Шрифт:
Интервал:
Закладка:
Рамон включил радио, чтобы послушать новости с рынка ценных бумаг. Диктор рассказывал что-то о показаниях психиатра по делу об убийстве.
– Complejos Аmericanos, – раздраженно бросил Рамон. – Люди, у которых есть реальные проблемы, не нуждаются в том, что вы называете психиатрией. Латиноамериканцы и европейцы не увлекаются этой глупой роскошью психиатрии, как делаете вы, американцы.
Молчание.
– Ты на что-то сердишься, cara? Я чем-то обидел тебя?
– О нет, Рамон.
Она взглянула на его темные волосы, на сверкающие глаза. Complejos Аmericanos. Американские комплексы? Как мало он понимает в этом! Ему никогда не понять переживания, которые осложняли ее существование.
Сивилла встала из-за стола и склонилась к камину.
– Октябрьские дни бывают холодными, – сказала она, разжигая огонь.
– Позволь помочь тебе, cara, – предложил он, вставая на колени рядом с ней.
Она думала: «Я хочу заниматься с ним любовью. Хочу иметь от него ребенка. Если бы только я могла! Но я боюсь. Восемь недель моих страхов заставили бояться и его. Мы обнимались и целовались, но это все. Я хочу большего, и я должна получить большее».
Откликаясь на ее невысказанные желания, Рамон стал ласкать ее. Она прижалась головой к его груди. Он крепко обнял ее и сказал:
– Я измерял, когда у меня была эрекция. Семнадцать сантиметров. Неплохо?
Сивилла нервно улыбнулась и вспомнила, что привыкла думать, будто любовь ранит. Что когда люди любят тебя, они бьют тебя и запихивают в тебя фонарики и бутылочки. Она тут же отбросила эти мысли как относящиеся к эре, когда она еще не могла найти примирения с прошлым.
– Cara, я хочу тебя, – страстно пробормотал Рамон.
– Нет, Рамон, – ответила она, все еще содрогаясь от желания, и высвободилась из его объятий.
Он вновь притянул ее к себе и начал торопливо расстегивать молнию на платье.

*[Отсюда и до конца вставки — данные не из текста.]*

lemma psd_kernel_pairing_le_trace:
  assumes r: "psd_kernel d r" and x: "psd_kernel d x"
  shows "Re (\<Sum>a<d. \<Sum>b<d. r a b * x a b) \<le> Re (\<Sum>a<d. r a a) * Re (\<Sum>a<d. x a a)"
proof -
  obtain u where u: "\<And>a b. a < d \<Longrightarrow> b < d \<Longrightarrow> r a b = (\<Sum>i<d. u i a * cnj (u i b))"
    using psd_kernel_gram[OF r] by blast
  obtain z where z: "\<And>a b. a < d \<Longrightarrow> b < d \<Longrightarrow> x a b = (\<Sum>j<d. z j a * cnj (z j b))"
    using psd_kernel_gram[OF x] by blast
  define c where "c i j = (\<Sum>a<d. u i a * z j a)" for i j
  have "(\<Sum>a<d. \<Sum>b<d. r a b * x a b)
      = (\<Sum>a<d. \<Sum>b<d. \<Sum>i<d. \<Sum>j<d. (u i a * cnj (u i b)) * (z j a * cnj (z j b)))"
    using u z by (intro sum.cong refl) (simp add: sum_product)
  also have "\<dots> = (\<Sum>i<d. \<Sum>j<d. \<Sum>a<d. \<Sum>b<d. (u i a * z j a) * cnj (u i b * z j b))"
    by (subst sum_swap_pairs) (intro sum.cong refl; simp add: mult_ac)
  also have "\<dots> = (\<Sum>i<d. \<Sum>j<d. c i j * cnj (c i j))"
    by (simp only: c_def cnj_sum sum_product)
  finally have "Re (\<Sum>a<d. \<Sum>b<d. r a b * x a b) = (\<Sum>i<d. \<Sum>j<d. (cmod (c i j))\<^sup>2)"
    by (simp only: Re_sum Re_mult_cnj)
  also have "\<dots> \<le> (\<Sum>i<d. \<Sum>j<d. (\<Sum>a<d. (cmod (u i a))\<^sup>2) * (\<Sum>a<d. (cmod (z j a))\<^sup>2))"
    unfolding c_def by (intro sum_mono cmod_sum_mult_square_le)
  also have "\<dots> = Re (\<Sum>a<d. \<Sum>i<d. u i a * cnj (u i a)) * Re (\<Sum>a<d. \<Sum>j<d. z j a * cnj (z j a))"
    unfolding Re_sum_mult_cnj by (simp add: sum_product)
  also have "\<dots> = Re (\<Sum>a<d. r a a) * Re (\<Sum>a<d. x a a)"
    using u z by simp
  finally show ?thesis .
qed

lemma psd_kernel_compress:
  assumes z: "psd_kernel (k * d) z" and d: "0 < d"
  shows "psd_kernel d (\<lambda>a b. \<Sum>p<k. \<Sum>q<k. cnj (v p) * v q * z (p * d + a) (q * d + b))"
  unfolding psd_kernel_def
proof
  fix y :: "nat \<Rightarrow> complex"
  define x where "x j = v (j div d) * y (j mod d)" for j
  have x: "x (p * d + a) = v p * y a" if "a < d" for p a
    unfolding x_def using that by simp
  have "quad_form (k * d) z x
      = (\<Sum>p<k. \<Sum>a<d. \<Sum>q<k. \<Sum>b<d. cnj (y a) * (cnj (v p) * v q * z (p * d + a) (q * d + b)) * y b)"
    unfolding quad_form_def sum_lessThan_mult_blocks by (intro sum.cong refl) (simp add: x mult_ac)
  also have "\<dots> = (\<Sum>p<k. \<Sum>q<k. \<Sum>a<d. \<Sum>b<d. cnj (y a) * (cnj (v p) * v q * z (p * d + a) (q * d + b)) * y b)"
    by (rule sum.cong[OF refl], rule sum.swap)
  also have "\<dots> = quad_form d (\<lambda>a b. \<Sum>p<k. \<Sum>q<k. cnj (v p) * v q * z (p * d + a) (q * d + b)) y"
    unfolding quad_form_def by (subst sum_swap_pairs) (simp add: sum_distrib_left sum_distrib_right)
  finally show "0 \<le> quad_form d (\<lambda>a b. \<Sum>p<k. \<Sum>q<k. cnj (v p) * v q * z (p * d + a) (q * d + b)) y"
    using z unfolding psd_kernel_def by metis
qed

Сивилла покачала головой, застегнула молнию и перебралась на диван.
– Я люблю тебя, Сивилла, – сказал он.
– Я тоже люблю тебя, Рамон. И потому я говорю «нет».
– Но я не понимаю, – запротестовал он.
– Я знаю, что ты не понимаешь, – ответила она. – Я боюсь.
– Боишься меня, Сивилла? – удивленно спросил он. – Я люблю тебя.
– Я тоже люблю тебя. Но у меня есть основания бояться.
Рамон взглянул на нее одновременно с недоумением и нежностью. Стремясь достичь своей цели, он в то же время был готов защитить Сивиллу от ее страхов. Он тихо сказал:
– Возможно, сегодня неподходящее время.
Он надел пальто и подошел к двери.
– Завтра вечером, – сказал он. – Опера. Я позвоню тебе в шесть. Сначала мы пообедаем где-нибудь, где еще не были.
Он поцеловал кончики ее пальцев и вышел.
Когда за ним закрылась дверь, Сивилла подумала: что, если он больше не вернется? А что, если он вернется?
В следующее воскресенье Сивилла и Рамон прогуливались по Центральному парку. Камень, мимо которого они проходили, напоминал Сивилле о ее устойчивости. Голые ветви деревьев напоминали ей о сброшенной шелухе. Сказать, сколько из ее «я» успели слиться вместе, было так же трудно, как сосчитать шуршавшие под ногами листья.
– Ты тихая сегодня, mi amor [16 - Любовь моя (исп.).], – заметил Рамон.
– Я размышляла об опавших листьях и о неколебимости этого камня, – ответила она.
– Моя малышка поэтична, – заметил он.
– В детстве я писала стихи, – призналась Сивилла.
Рамон предложил покататься в коляске, запряженной лошадьми.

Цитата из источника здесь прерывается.